-- Data extract follows --
(* Let $U\in C([0,1])\cap C^1((0,1])\cap C^2((0,1))$ satisfy $U''>0$ on $(0,1)$, $\lim_{h\downarrow0}U'(h)=-\infty$, and $r\mapsto rU''(r)$ non-decreasing on $(0,1)$. Let $\widetilde a,a>0$ with $\widetilde a<a\le1$. Suppose that for some integer $K\ge3$ there exists $\kappa>0$ such that $D_U(\widetilde a z,\widetilde a w)=\kappa D_U(az,aw)$ for all $z,w\in\mathcal{P}_K$. Then there exist $\mu_0,\mu_1\in\mathbb{R}$ and $\lambda>0$ such that $U(r)=\lambda r\log r+\mu_1r+\mu_0$ for all $r\in(0,a]$.
   Context: $\mathcal{P}_K=\{z\in\mathbb{R}^K: z_k\ge0,\sum_kz_k=1\}$. $d_U(r,r_0)=U(r)-U(r_0)-(r-r_0)U'(r_0)$ for $r\in[0,1]$, $r_0\in(0,1]$, extended by $d_U(r,0)=\lim_{r_0\downarrow0}d_U(r,r_0)\in[0,\infty]$. For $b\in(0,1]$ and $z,w\in\mathcal{P}_K$, $D_U(bz,bw)=\sum_k d_U(bz_k,bw_k)$. *)

theory Defs
  imports "HOL-Analysis.Analysis"
begin

definition prob_simplex :: "nat \<Rightarrow> (nat \<Rightarrow> real) set" where
  "prob_simplex K = {z. (\<forall>k<K. 0 \<le> z k) \<and> (\<Sum>k<K. z k) = 1}"

text \<open>Bregman divergence d_U(r,r0), with values in the extended reals; U' is the given
  derivative of U. For r0 = 0 it is the limit as r0 tends to 0 from the right.\<close>
definition dU :: "(real \<Rightarrow> real) \<Rightarrow> (real \<Rightarrow> real) \<Rightarrow> real \<Rightarrow> real \<Rightarrow> ereal" where
  "dU U U' r r0 =
     (if 0 < r0 then ereal (U r - U r0 - (r - r0) * U' r0)
      else Lim (at_right 0) (\<lambda>s. ereal (U r - U s - (r - s) * U' s)))"

definition DU :: "(real \<Rightarrow> real) \<Rightarrow> (real \<Rightarrow> real) \<Rightarrow> nat \<Rightarrow> real
                   \<Rightarrow> (nat \<Rightarrow> real) \<Rightarrow> (nat \<Rightarrow> real) \<Rightarrow> ereal" where
  "DU U U' K b z w = (\<Sum>k<K. dU U U' (b * z k) (b * w k))"

end

theory Submission
  imports Defs
begin

(*
  Testing the scaling identity on the vectors (x, s - x, c, ..., c) and (s/2, s/2, c, ..., c)
  of the simplex kills all but two Bregman terms, so P y = U (a_tilde y) - kappa U (a y) satisfies
  P x + P (s - x) = 2 P (s/2). Hence P' is invariant under x |-> s - x, thus constant, which gives
  U' (rho t) = q U' t + c with rho = a_tilde / a < 1 and q = kappa a / a_tilde. Differentiating,
  phi r = r U'' r satisfies phi (rho t) = q phi t. Monotonicity of phi rules out q > 1, and q < 1
  would make U' (rho^n t) converge, contradicting U' -> -infinity at 0. So phi is monotone and
  invariant under r |-> rho r, hence a constant lam > 0, and integrating U'' = lam / r twice
  gives U.
*)

definition pad_uniform :: "nat \<Rightarrow> real \<Rightarrow> real \<Rightarrow> nat \<Rightarrow> real" where
  "pad_uniform K u v k = (if k = 0 then u else if k = 1 then v else (1 - u - v) / real (K - 2))"

lemma sum_lessThan_split_first_two:
  fixes f :: "nat \<Rightarrow> 'a::comm_monoid_add"
  assumes "2 \<le> K"
  shows "(\<Sum>k<K. f k) = f 0 + f 1 + (\<Sum>k\<in>{2..<K}. f k)"
proof -
  have "{..<K} = insert 0 (insert 1 {2..<K})" using assms by auto
  then show ?thesis by (simp add: add.assoc)
qed

lemma pad_uniform_in_prob_simplex:
  assumes "3 \<le> K" "0 \<le> u" "0 \<le> v" "u + v \<le> 1"
  shows "pad_uniform K u v \<in> prob_simplex K"
  using assms sum_lessThan_split_first_two[of K "pad_uniform K u v"]
  by (auto simp: prob_simplex_def pad_uniform_def)

lemma dU_self: "0 < r \<Longrightarrow> dU U U' r r = 0"
  by (simp add: dU_def zero_ereal_def)

lemma DU_pad_uniform:
  assumes "3 \<le> K" "0 < b" "u + v = u' + v'" "u' + v' < 1"
  shows "DU U U' K b (pad_uniform K u v) (pad_uniform K u' v')
           = dU U U' (b * u) (b * u') + dU U U' (b * v) (b * v')"
proof -
  have "pad_uniform K u v k = pad_uniform K u' v' k" "0 < b * pad_uniform K u' v' k"
    if "2 \<le> k" for k
    using that assms by (simp_all add: pad_uniform_def diff_diff_eq)
  then have "(\<Sum>k\<in>{2..<K}. dU U U' (b * pad_uniform K u v k) (b * pad_uniform K u' v' k)) = 0"
    by (simp add: dU_self)
  then show ?thesis
    using assms by (simp add: DU_def sum_lessThan_split_first_two pad_uniform_def)
qed

lemma scaling_midpoint_gap:
  assumes K: "3 \<le> K" and b: "0 < a_tilde" "0 < a"
    and scaling: "\<And>z w. z \<in> prob_simplex K \<Longrightarrow> w \<in> prob_simplex K \<Longrightarrow>
                    DU U U' K a_tilde z w = ereal \<kappa> * DU U U' K a z w"
    and xs: "0 < x" "x < s" "s < 1"
  shows "U (a_tilde * x) + U (a_tilde * (s - x)) - 2 * U (a_tilde * (s / 2))
           = \<kappa> * (U (a * x) + U (a * (s - x)) - 2 * U (a * (s / 2)))"
proof -
  have DU_gap: "DU U U' K b (pad_uniform K x (s - x)) (pad_uniform K (s/2) (s/2))
                  = ereal (U (b * x) + U (b * (s - x)) - 2 * U (b * (s / 2)))" if "0 < b" for b
    using DU_pad_uniform[OF K that, of x "s - x" "s/2" "s/2"] that xs
    by (simp add: dU_def algebra_simps)
  have "pad_uniform K x (s - x) \<in> prob_simplex K" "pad_uniform K (s/2) (s/2) \<in> prob_simplex K"
    using K xs by (auto intro: pad_uniform_in_prob_simplex)
  from scaling[OF this] show ?thesis by (simp add: DU_gap b)
qed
-- Data extract concluded --
● Requirement:
Each and every entry needs to be repeated exactly.

● Result of the exercise:
(* Let $U\in C([0,1])\cap C^1((0,1])\cap C^2((0,1))$ satisfy $U''>0$ on $(0,1)$, $\lim_{h\downarrow0}U'(h)=-\infty$, and $r\mapsto rU''(r)$ non-decreasing on $(0,1)$. Let $\widetilde a,a>0$ with $\widetilde a<a\le1$. Suppose that for some integer $K\ge3$ there exists $\kappa>0$ such that $D_U(\widetilde a z,\widetilde a w)=\kappa D_U(az,aw)$ for all $z,w\in\mathcal{P}_K$. Then there exist $\mu_0,\mu_1\in\mathbb{R}$ and $\lambda>0$ such that $U(r)=\lambda r\log r+\mu_1r+\mu_0$ for all $r\in(0,a]$.
   Context: $\mathcal{P}_K=\{z\in\mathbb{R}^K: z_k\ge0,\sum_kz_k=1\}$. $d_U(r,r_0)=U(r)-U(r_0)-(r-r_0)U'(r_0)$ for $r\in[0,1]$, $r_0\in(0,1]$, extended by $d_U(r,0)=\lim_{r_0\downarrow0}d_U(r,r_0)\in[0,\infty]$. For $b\in(0,1]$ and $z,w\in\mathcal{P}_K$, $D_U(bz,bw)=\sum_k d_U(bz_k,bw_k)$. *)

theory Defs
  imports "HOL-Analysis.Analysis"
begin

definition prob_simplex :: "nat \<Rightarrow> (nat \<Rightarrow> real) set" where
  "prob_simplex K = {z. (\<forall>k<K. 0 \<le> z k) \<and> (\<Sum>k<K. z k) = 1}"

text \<open>Bregman divergence d_U(r,r0), with values in the extended reals; U' is the given
  derivative of U. For r0 = 0 it is the limit as r0 tends to 0 from the right.\<close>
definition dU :: "(real \<Rightarrow> real) \<Rightarrow> (real \<Rightarrow> real) \<Rightarrow> real \<Rightarrow> real \<Rightarrow> ereal" where
  "dU U U' r r0 =
     (if 0 < r0 then ereal (U r - U r0 - (r - r0) * U' r0)
      else Lim (at_right 0) (\<lambda>s. ereal (U r - U s - (r - s) * U' s)))"

definition DU :: "(real \<Rightarrow> real) \<Rightarrow> (real \<Rightarrow> real) \<Rightarrow> nat \<Rightarrow> real
                   \<Rightarrow> (nat \<Rightarrow> real) \<Rightarrow> (nat \<Rightarrow> real) \<Rightarrow> ereal" where
  "DU U U' K b z w = (\<Sum>k<K. dU U U' (b * z k) (b * w k))"

end

theory Submission
  imports Defs
begin

(*
  Testing the scaling identity on the vectors (x, s - x, c, ..., c) and (s/2, s/2, c, ..., c)
  of the simplex kills all but two Bregman terms, so P y = U (a_tilde y) - kappa U (a y) satisfies
  P x + P (s - x) = 2 P (s/2). Hence P' is invariant under x |-> s - x, thus constant, which gives
  U' (rho t) = q U' t + c with rho = a_tilde / a < 1 and q = kappa a / a_tilde. Differentiating,
  phi r = r U'' r satisfies phi (rho t) = q phi t. Monotonicity of phi rules out q > 1, and q < 1
  would make U' (rho^n t) converge, contradicting U' -> -infinity at 0. So phi is monotone and
  invariant under r |-> rho r, hence a constant lam > 0, and integrating U'' = lam / r twice
  gives U.
*)

definition pad_uniform :: "nat \<Rightarrow> real \<Rightarrow> real \<Rightarrow> nat \<Rightarrow> real" where
  "pad_uniform K u v k = (if k = 0 then u else if k = 1 then v else (1 - u - v) / real (K - 2))"

lemma sum_lessThan_split_first_two:
  fixes f :: "nat \<Rightarrow> 'a::comm_monoid_add"
  assumes "2 \<le> K"
  shows "(\<Sum>k<K. f k) = f 0 + f 1 + (\<Sum>k\<in>{2..<K}. f k)"
proof -
  have "{..<K} = insert 0 (insert 1 {2..<K})" using assms by auto
  then show ?thesis by (simp add: add.assoc)
qed

lemma pad_uniform_in_prob_simplex:
  assumes "3 \<le> K" "0 \<le> u" "0 \<le> v" "u + v \<le> 1"
  shows "pad_uniform K u v \<in> prob_simplex K"
  using assms sum_lessThan_split_first_two[of K "pad_uniform K u v"]
  by (auto simp: prob_simplex_def pad_uniform_def)

lemma dU_self: "0 < r \<Longrightarrow> dU U U' r r = 0"
  by (simp add: dU_def zero_ereal_def)

lemma DU_pad_uniform:
  assumes "3 \<le> K" "0 < b" "u + v = u' + v'" "u' + v' < 1"
  shows "DU U U' K b (pad_uniform K u v) (pad_uniform K u' v')
           = dU U U' (b * u) (b * u') + dU U U' (b * v) (b * v')"
proof -
  have "pad_uniform K u v k = pad_uniform K u' v' k" "0 < b * pad_uniform K u' v' k"
    if "2 \<le> k" for k
    using that assms by (simp_all add: pad_uniform_def diff_diff_eq)
  then have "(\<Sum>k\<in>{2..<K}. dU U U' (b * pad_uniform K u v k) (b * pad_uniform K u' v' k)) = 0"
    by (simp add: dU_self)
  then show ?thesis
    using assms by (simp add: DU_def sum_lessThan_split_first_two pad_uniform_def)
qed

lemma scaling_midpoint_gap:
  assumes K: "3 \<le> K" and b: "0 < a_tilde" "0 < a"
    and scaling: "\<And>z w. z \<in> prob_simplex K \<Longrightarrow> w \<in> prob_simplex K \<Longrightarrow>
                    DU U U' K a_tilde z w = ereal \<kappa> * DU U U' K a z w"
    and xs: "0 < x" "x < s" "s < 1"
  shows "U (a_tilde * x) + U (a_tilde * (s - x)) - 2 * U (a_tilde * (s / 2))
           = \<kappa> * (U (a * x) + U (a * (s - x)) - 2 * U (a * (s / 2)))"
proof -
  have DU_gap: "DU U U' K b (pad_uniform K x (s - x)) (pad_uniform K (s/2) (s/2))
                  = ereal (U (b * x) + U (b * (s - x)) - 2 * U (b * (s / 2)))" if "0 < b" for b
    using DU_pad_uniform[OF K that, of x "s - x" "s/2" "s/2"] that xs
    by (simp add: dU_def algebra_simps)
  have "pad_uniform K x (s - x) \<in> prob_simplex K" "pad_uniform K (s/2) (s/2) \<in> prob_simplex K"
    using K xs by (auto intro: pad_uniform_in_prob_simplex)
  from scaling[OF this] show ?thesis by (simp add: DU_gap b)
qed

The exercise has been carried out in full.